Word Segmentation in Handwritten Documents Using Genetic Programming
Word segmentation in handwritten document is a difficult task because inter-word-spacing (i.e. the space between parts of the same word) is sometimes wider than the intra-word-spacing (i.e. the space between two consecutive words). Many different approaches to segmenting words have been proposed so far. However these segmentation approaches usually use some parameters that are manually tuned; meaning that they do not take into account the properties of the document in order to automatically calibrate the parameters.
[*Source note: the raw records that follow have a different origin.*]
(* Let $n\ge2$ be an integer. (1) For $2\le k\le n$, let $x_1^{(n-1,k-1)}$ denote the smallest real root of $x\mapsto K_{k-1}^{(n-1)}(x)$. Then $K_k^{(n)}(x)\ge K_k^{(n)}(x+1)$ for all real $x$ with $0\le x\le x_1^{(n-1,k-1)}$. (2) For all $k\in[0:n]$ and all integers $x\in[0:n]$, \[ \left|K_k^{(n)}(x)\right|<2^{\frac n2\left(1+H\left(\frac kn\right)-H\left(\frac xn\right)+\frac1n\log_2(n+1)\right)}, \] where $H(p)=-p\log_2p-(1-p)\log_2(1-p)$ is the binary entropy function (with $H(0)=H(1)=0$).
   Context: For integers $n\ge1$, $k\in[0:n]$ and real $x$, the Krawtchouk polynomial is $K_k^{(n)}(x):=\sum_{j=0}^{k}(-1)^{j}\binom{x}{j}\binom{n-x}{k-j}$, with generalized binomial coefficients $\binom{x}{j}=\frac{x(x-1)\cdots(x-j+1)}{j!}$. For $k\ge1$, $x\mapsto K_k^{(n)}(x)$ has $k$ distinct real roots. *)

theory Defs
  imports "HOL-Analysis.Analysis"
begin

definition krawtchouk :: "nat \<Rightarrow> nat \<Rightarrow> real \<Rightarrow> real" where
  "krawtchouk n k x = (\<Sum>j\<le>k. (-1)^j * (x gchoose j) * ((real n - x) gchoose (k - j)))"

text \<open>Smallest real root of x \<mapsto> K_k^{(n)}(x) (k \<ge> 1, where the root set is finite and nonempty).\<close>
definition kraw_smallest_root :: "nat \<Rightarrow> nat \<Rightarrow> real" where
  "kraw_smallest_root n k = Min {x. krawtchouk n k x = 0}"

definition binary_entropy :: "real \<Rightarrow> real" where
  "binary_entropy p = (if p = 0 \<or> p = 1 then 0
     else - p * log 2 p - (1 - p) * log 2 (1 - p))"

end

theory Submission
  imports Defs "HOL-Computational_Algebra.Polynomial"
begin

text \<open>
  (1) Pascal's rule, applied to either binomial coefficient in the definition, gives the
  forward difference \<open>K_k^(n)(x + 1) - K_k^(n)(x) = -2 K_(k-1)^(n-1)(x)\<close>; and \<open>K_(k-1)^(n-1)\<close>
  is a polynomial that is positive at 0, hence nonnegative up to its smallest root.

  (2) From the generating function \<open>\<Sum>_k K_k^(n)(y) z^k = (1 - z)^y (1 + z)^(n-y)\<close> one gets the
  orthogonality relation \<open>\<Sum>_y C(n,y) K_k(y)^2 = 2^n C(n,k)\<close>. Keeping only the terms \<open>y = x\<close>
  and \<open>y \<in> {0, n}\<close> gives \<open>C(n,x) K_k(x)^2 < 2^n C(n,k)\<close>. The bound follows from the entropy
  estimates \<open>C(n,k) \<le> 2^(n H(k/n)) \<le> (n + 1) C(n,k)\<close>, which compare \<open>C(n,k) k^k (n-k)^(n-k)\<close>
  with the sum \<open>n^n = \<Sum>_j C(n,j) k^j (n-k)^(n-j)\<close>, of which it is a term and the largest one.
\<close>

section \<open>Monotonicity below the smallest root\<close>

lemma krawtchouk_at_0: "krawtchouk n k 0 = real (n choose k)"
proof -
  have "krawtchouk n k 0 = (\<Sum>j\<le>k. if j = 0 then real (n choose k) else 0)"
    unfolding krawtchouk_def
    by (intro sum.cong refl) (auto simp: gbinomial_0_left binomial_gbinomial[symmetric])
  then show ?thesis
    by simp
qed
In this project, we wish to explore the use of genetic programming in order to find relations between the characteristics of the text and the parameters of the word segmentation algorithm. A good starting point is the algorithm proposed by Manmatha and Rothfeder  which is a state-of-the-art word segmentation algorithm. This algorithm is based on the scale-space theory, which is a framework for representing image structures at different scales. The scale-space is obtained by Gaussian filtering. Roughly speaking, if we convolve the image by Gaussian kernels with different sizes (i.e. standard deviations), we will obtain the image structures at different scales. For a text line, by using Gaussian kernels of a certain size we can obtain the blobs that correspond to words. In the original paper, Manmatha and Rothfeder use an experimental formula to tune the size of the Gaussian kernels. However, their proposed formula is independent of the characteristics of the text line, such as how densely or how sparsely the characters are written. Therefore, the performance of the algorithm is sometimes effected by under-segmented and over-segmented errors. In order to mitigate this problem, we wish to use genetic programming to estimate the optimal size for the Gaussian kernels based on the properties of the text.
The student will be provided with the C/C++ source codes to work with a benchmark database in order to train the algorithms and evaluate the performance.